= Lincoln Walsh =

American inventor (1903-1971)

Lincoln Walsh (November 3, 1903 – November 17, 1971) was an engineer and inventor.

== Early life and education ==
Walsh received his B.S. in electrical engineering from Stevens Institute of Technology in 1926. He later studied at Columbia University and at Brooklyn Polytechnic Institute.

== Career ==
During World War II, he worked with Rudy Bozak at the Dinion Coil Company in Caledonia, New York, developing high voltage power supplies for radar use. Walsh worked as a member of the War Planning Board.

After the war, he founded Brooks Electronics Inc.

Walsh may have been involved in the development of the Kettledrum Baffle that one associates with the first Bozak speaker systems. He redesigned the "Mark II" (Colossus computer) power supply to prolong the unit's life. Later, he was a consultant on very large transformer designs for power distribution. He also developed a high-quality AM radio receiver and an aircraft collision avoidance system.

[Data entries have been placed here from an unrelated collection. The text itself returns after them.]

(* For all integers $n$ and $\alpha$ with $n<\alpha\le 2^n$, there exists a minimal $n$-state nondeterministic finite automaton accepting a prefix-closed language whose equivalent minimal deterministic finite automaton has exactly $\alpha$ states. Moreover, if a minimal $n$-state nondeterministic finite automaton accepts a prefix-closed language whose equivalent minimal deterministic finite automaton has exactly $n$ states, then $n=1$.
   Context: NFAs have a single initial state and a transition function $\delta:Q\times\Sigma\to 2^Q$ that may map to the empty set (no sink state is needed or counted); DFAs are complete, so a sink state is counted. A minimal $n$-state NFA is an NFA with $n$ states such that no NFA with fewer states accepts the same language. A language $L\subseteq\Sigma^*$ is prefix-closed if $xy\in L$ implies $x\in L$ for all $x,y\in\Sigma^*$. *)

theory Defs
  imports Main
begin

record ('q, 'a) nfa =
  nstates :: "'q set"
  ninit   :: "'q"
  ndelta  :: "'q \<Rightarrow> 'a \<Rightarrow> 'q set"
  nfinal  :: "'q set"

definition nfa_wf :: "'a set \<Rightarrow> ('q, 'a) nfa \<Rightarrow> bool" where
  "nfa_wf \<Sigma> M \<longleftrightarrow> finite (nstates M) \<and> ninit M \<in> nstates M \<and> nfinal M \<subseteq> nstates M \<and>
     (\<forall>q\<in>nstates M. \<forall>a\<in>\<Sigma>. ndelta M q a \<subseteq> nstates M)"

fun nsteps :: "('q \<Rightarrow> 'a \<Rightarrow> 'q set) \<Rightarrow> 'q set \<Rightarrow> 'a list \<Rightarrow> 'q set" where
  "nsteps d S [] = S"
| "nsteps d S (a # w) = nsteps d (\<Union>q\<in>S. d q a) w"

definition nlang :: "'a set \<Rightarrow> ('q, 'a) nfa \<Rightarrow> 'a list set" where
  "nlang \<Sigma> M = {w \<in> lists \<Sigma>. nsteps (ndelta M) {ninit M} w \<inter> nfinal M \<noteq> {}}"

text \<open>M is a minimal NFA over alphabet \<Sigma>: no NFA with fewer states accepts the same
  language (state sets are arbitrary finite sets of naturals, which covers all NFAs up to renaming).\<close>
definition minimal_nfa :: "'a set \<Rightarrow> ('q, 'a) nfa \<Rightarrow> bool" where
  "minimal_nfa \<Sigma> M \<longleftrightarrow> nfa_wf \<Sigma> M \<and>
     (\<forall>M' :: (nat, 'a) nfa. nfa_wf \<Sigma> M' \<and> nlang \<Sigma> M' = nlang \<Sigma> M \<longrightarrow>
        card (nstates M) \<le> card (nstates M'))"

record ('q, 'a) dfa =
  dstates :: "'q set"
  dinit   :: "'q"
  ddelta  :: "'q \<Rightarrow> 'a \<Rightarrow> 'q"
  dfinal  :: "'q set"

definition dfa_wf :: "'a set \<Rightarrow> ('q, 'a) dfa \<Rightarrow> bool" where
  "dfa_wf \<Sigma> M \<longleftrightarrow> finite (dstates M) \<and> dinit M \<in> dstates M \<and> dfinal M \<subseteq> dstates M \<and>
     (\<forall>q\<in>dstates M. \<forall>a\<in>\<Sigma>. ddelta M q a \<in> dstates M)"

definition dlang :: "'a set \<Rightarrow> ('q, 'a) dfa \<Rightarrow> 'a list set" where
  "dlang \<Sigma> M = {w \<in> lists \<Sigma>. fold (\<lambda>a q. ddelta M q a) w (dinit M) \<in> dfinal M}"

definition min_dfa_size :: "'a set \<Rightarrow> 'a list set \<Rightarrow> nat" where
  "min_dfa_size \<Sigma> L = (LEAST k. \<exists>M :: (nat, 'a) dfa. dfa_wf \<Sigma> M \<and> dlang \<Sigma> M = L \<and> card (dstates M) = k)"

definition prefix_closed :: "'a list set \<Rightarrow> bool" where
  "prefix_closed L \<longleftrightarrow> (\<forall>x y. x @ y \<in> L \<longrightarrow> x \<in> L)"

end

theory Submission
  imports Defs
begin

text \<open>
  For the witness take states \<open>0..<n\<close>, all accepting: "jump" letters \<open>a < m\<close> send state 0 to a
  nonempty set \<open>e a\<close>, and "test" letters \<open>m + i\<close> keep state \<open>i\<close> and kill all others. The
  reachable subsets are exactly the \<open>m\<close> sets \<open>e a\<close> and the empty set, pairwise separated by
  test letters, so the minimal DFA has \<open>m + 1\<close> states. If every singleton occurs among the
  \<open>e a\<close>, the pairs (jump to \<open>{i}\<close>, test \<open>i\<close>) form a fooling set, so no NFA has fewer than
  \<open>n\<close> states; such families exist for every \<open>n \<le> m < 2\<^sup>n\<close>.

  Conversely, if a prefix-closed language is neither empty nor universal, some word is rejected,
  and the state it leads to in any DFA is dead. Deleting that state yields an NFA, so every DFA
  has more states than a minimal NFA.
\<close>

lemma nsteps_empty [simp]: "nsteps d {} w = {}"
  by (induction w) auto

lemma nsteps_append: "nsteps d S (x @ y) = nsteps d (nsteps d S x) y"
  by (induction x arbitrary: S) auto

lemma nsteps_UN: "nsteps d (\<Union>i\<in>I. S i) w = (\<Union>i\<in>I. nsteps d (S i) w)"
proof (induction w arbitrary: S)
  case (Cons a w)
  have "(\<Union>q\<in>(\<Union>i\<in>I. S i). d q a) = (\<Union>i\<in>I. \<Union>q\<in>S i. d q a)" by blast
  then show ?case using Cons.IH[of "\<lambda>i. \<Union>q\<in>S i. d q a"] by simp
qed simp

lemma nsteps_eq_UN_singletons: "nsteps d S w = (\<Union>q\<in>S. nsteps d {q} w)"
  using nsteps_UN[of d "\<lambda>q. {q}" S] by simp

lemma nsteps_closed:
  assumes "\<And>q a. q \<in> Q \<Longrightarrow> a \<in> \<Sigma> \<Longrightarrow> d q a \<subseteq> Q" and "S \<subseteq> Q" and "w \<in> lists \<Sigma>"
  shows "nsteps d S w \<subseteq> Q"
  using assms(2,3)
proof (induction w arbitrary: S)
  case (Cons a w)
  have a: "a \<in> \<Sigma>" using Cons.prems(2) by simp
  have "(\<Union>q\<in>S. d q a) \<subseteq> Q" using Cons.prems(1) assms(1)[OF _ a] by blast
  then show ?case using Cons.IH Cons.prems(2) by simp
qed simp

lemma fold_subset_step_eq_nsteps: "fold (\<lambda>a S. \<Union>q\<in>S. d q a) w S = nsteps d S w"
  by (induction w arbitrary: S) simp_all

lemma nfa_nsteps_in_states:
  "nfa_wf \<Sigma> M \<Longrightarrow> S \<subseteq> nstates M \<Longrightarrow> w \<in> lists \<Sigma> \<Longrightarrow> nsteps (ndelta M) S w \<subseteq> nstates M"
  by (rule nsteps_closed) (auto simp: nfa_wf_def)

lemma nlang_append_iff:
  "x @ y \<in> nlang \<Sigma> M \<longleftrightarrow> x \<in> lists \<Sigma> \<and> y \<in> lists \<Sigma> \<and>
     (\<exists>p\<in>nsteps (ndelta M) {ninit M} x. nsteps (ndelta M) {p} y \<inter> nfinal M \<noteq> {})"
  using nsteps_eq_UN_singletons[of "ndelta M" "nsteps (ndelta M) {ninit M} x" y]
  by (auto simp: nlang_def nsteps_append)

abbreviation drun :: "('q, 'a) dfa \<Rightarrow> 'a list \<Rightarrow> 'q \<Rightarrow> 'q" where
  "drun D w q \<equiv> fold (\<lambda>a q. ddelta D q a) w q"

lemma drun_in_states:
  "dfa_wf \<Sigma> D \<Longrightarrow> q \<in> dstates D \<Longrightarrow> w \<in> lists \<Sigma> \<Longrightarrow> drun D w q \<in> dstates D"
  by (induction w arbitrary: q) (auto simp: dfa_wf_def)

lemma dlang_append_iff:
  "x @ y \<in> dlang \<Sigma> D \<longleftrightarrow> x \<in> lists \<Sigma> \<and> y \<in> lists \<Sigma> \<and> drun D y (drun D x (dinit D)) \<in> dfinal D"
  by (auto simp: dlang_def)

lemma dfa_rename_nat:
  assumes wf: "dfa_wf \<Sigma> (D :: ('q, 'a) dfa)"
  obtains D' :: "(nat, 'a) dfa"
  where "dfa_wf \<Sigma> D'" "dlang \<Sigma> D' = dlang \<Sigma> D" "card (dstates D') = card (dstates D)"
proof -
  let ?Q = "dstates D"
  have "finite ?Q" using wf by (simp add: dfa_wf_def)
  then obtain h :: "'q \<Rightarrow> nat" where h: "inj_on h ?Q"
    using finite_imp_inj_to_nat_seg by meson
  define D' where "D' = \<lparr>dstates = h ` ?Q, dinit = h (dinit D),
      ddelta = (\<lambda>p a. h (ddelta D (inv_into ?Q h p) a)), dfinal = h ` dfinal D\<rparr>"
  have run: "drun D' w (h q) = h (drun D w q)" if "q \<in> ?Q" "w \<in> lists \<Sigma>" for q w
    using that
  proof (induction w arbitrary: q)
    case (Cons a w)
    have "ddelta D' (h q) a = h (ddelta D q a)" using Cons.prems(1) h by (simp add: D'_def)
    moreover have "ddelta D q a \<in> ?Q" using Cons.prems wf by (auto simp: dfa_wf_def)
    ultimately show ?case using Cons.IH Cons.prems(2) by simp
  qed simp
  have init: "dinit D \<in> ?Q" and final: "dfinal D \<subseteq> ?Q" using wf by (auto simp: dfa_wf_def)
  have "drun D' w (dinit D') \<in> dfinal D' \<longleftrightarrow> drun D w (dinit D) \<in> dfinal D"
    if "w \<in> lists \<Sigma>" for w
  proof -
    have "drun D' w (dinit D') = h (drun D w (dinit D))"
      using run[OF init that] by (simp add: D'_def)
    then show ?thesis
      using inj_on_image_mem_iff[OF h drun_in_states[OF wf init that] final] by (simp add: D'_def)
  qed
  then have "dlang \<Sigma> D' = dlang \<Sigma> D" by (auto simp: dlang_def)
  moreover have "dfa_wf \<Sigma> D'" using wf h by (auto simp: dfa_wf_def D'_def)
  moreover have "card (dstates D') = card ?Q" using h by (simp add: D'_def card_image)
  ultimately show thesis using that by blast
qed

lemma min_dfa_size_le:
  assumes "dfa_wf \<Sigma> D"
  shows "min_dfa_size \<Sigma> (dlang \<Sigma> D) \<le> card (dstates D)"
proof -
  have "\<exists>D' :: (nat, 'a) dfa. dfa_wf \<Sigma> D' \<and> dlang \<Sigma> D' = dlang \<Sigma> D \<and>
      card (dstates D') = card (dstates D)"
    by (rule dfa_rename_nat[OF assms]) blast
  then show ?thesis unfolding min_dfa_size_def by (rule Least_le)
qed

lemma min_dfa_size_attained:
  assumes "dfa_wf \<Sigma> D"
  obtains D' :: "(nat, 'a) dfa"
  where "dfa_wf \<Sigma> D'" "dlang \<Sigma> D' = dlang \<Sigma> D" "card (dstates D') = min_dfa_size \<Sigma> (dlang \<Sigma> D)"
proof -
  have "\<exists>k. \<exists>D' :: (nat, 'a) dfa. dfa_wf \<Sigma> D' \<and> dlang \<Sigma> D' = dlang \<Sigma> D \<and> card (dstates D') = k"
    by (rule dfa_rename_nat[OF assms]) blast
  from LeastI_ex[OF this] show thesis
    using that unfolding min_dfa_size_def by blast
qed

lemma card_le_dfa_states_if_distinguishable:
  assumes wf: "dfa_wf \<Sigma> D" and words: "u ` I \<subseteq> lists \<Sigma>"
    and dist: "\<And>i j. i \<in> I \<Longrightarrow> j \<in> I \<Longrightarrow> i \<noteq> j \<Longrightarrow>
      \<exists>v\<in>lists \<Sigma>. (u i @ v \<in> dlang \<Sigma> D) \<noteq> (u j @ v \<in> dlang \<Sigma> D)"
  shows "card I \<le> card (dstates D)"
proof (rule card_le_if_inj_on_rel[where r = "\<lambda>i q. q = drun D (u i) (dinit D)"])
  show "finite (dstates D)" using wf by (simp add: dfa_wf_def)
  have "dinit D \<in> dstates D" using wf by (simp add: dfa_wf_def)
  then show "\<exists>q. q \<in> dstates D \<and> q = drun D (u i) (dinit D)" if "i \<in> I" for i
    using drun_in_states[OF wf] words that by blast
  show "i = j" if "i \<in> I" "j \<in> I" "q = drun D (u i) (dinit D)" "q = drun D (u j) (dinit D)" for i j q
    using dist[of i j] that words by (auto simp: dlang_append_iff)
qed

lemma min_dfa_size_ge_if_distinguishable:
  assumes "dfa_wf \<Sigma> D" and "u ` I \<subseteq> lists \<Sigma>"
    and "\<And>i j. i \<in> I \<Longrightarrow> j \<in> I \<Longrightarrow> i \<noteq> j \<Longrightarrow>
      \<exists>v\<in>lists \<Sigma>. (u i @ v \<in> dlang \<Sigma> D) \<noteq> (u j @ v \<in> dlang \<Sigma> D)"
  shows "card I \<le> min_dfa_size \<Sigma> (dlang \<Sigma> D)"
proof -
  obtain D' :: "(nat, 'a) dfa" where D': "dfa_wf \<Sigma> D'" "dlang \<Sigma> D' = dlang \<Sigma> D"
      "card (dstates D') = min_dfa_size \<Sigma> (dlang \<Sigma> D)"
    using min_dfa_size_attained[OF assms(1)] .
  show ?thesis
    using card_le_dfa_states_if_distinguishable[OF D'(1) assms(2)] assms(3) D' by simp
qed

Walsh´s interests extended to loudspeaker design. With the help of Bozak, he developed a direct-radiator design using a single speaker with an aluminum foil cone, operating out of a vertical column, and offering a wide frequency response. A Simple Quality Rating System for Loudspeakers and Audio Systems appeared in the Journal of the Audio Engineering Society for July, 1963. He went on to invent the wide-range coherent transmission-line loudspeaker, which was granted U.S. Patent 3,424,873 in 1969 (filed in 1964). Walsh realized that if you took an inverted cone and drove it from the apex, you could have a speaker with a perfect 360-degree horizontal radiation pattern available to reproduce all the audible frequency range. The vertical dispersion was controllable with the choice of materials. This offered a wide variety of designs, based on his patent.

== Personal life ==
As a member of the War Planning Board, he met and later married Harriet Walsh. They were residents of Millington, New Jersey for many years. They had no children.

== Legacy ==
In 1971, Martin Gersten founded Ohm Acoustics. Gersten raised the capital needed to buy back the Walsh patent rights from a metal-casting company which had invested with Walsh. Walsh's new speaker design was developed and marketed by Ohm (the Ohm 'A'), after Gersten invented an edge-wound anodized aluminum voice coil, U.S. Patent 3,935,402 (1974), which was needed to make the unit viable. Unfortunately, Walsh died before his speaker was released to the public. Ohm Chief Engineer, John Strohbeen, further developed Walsh's concepts.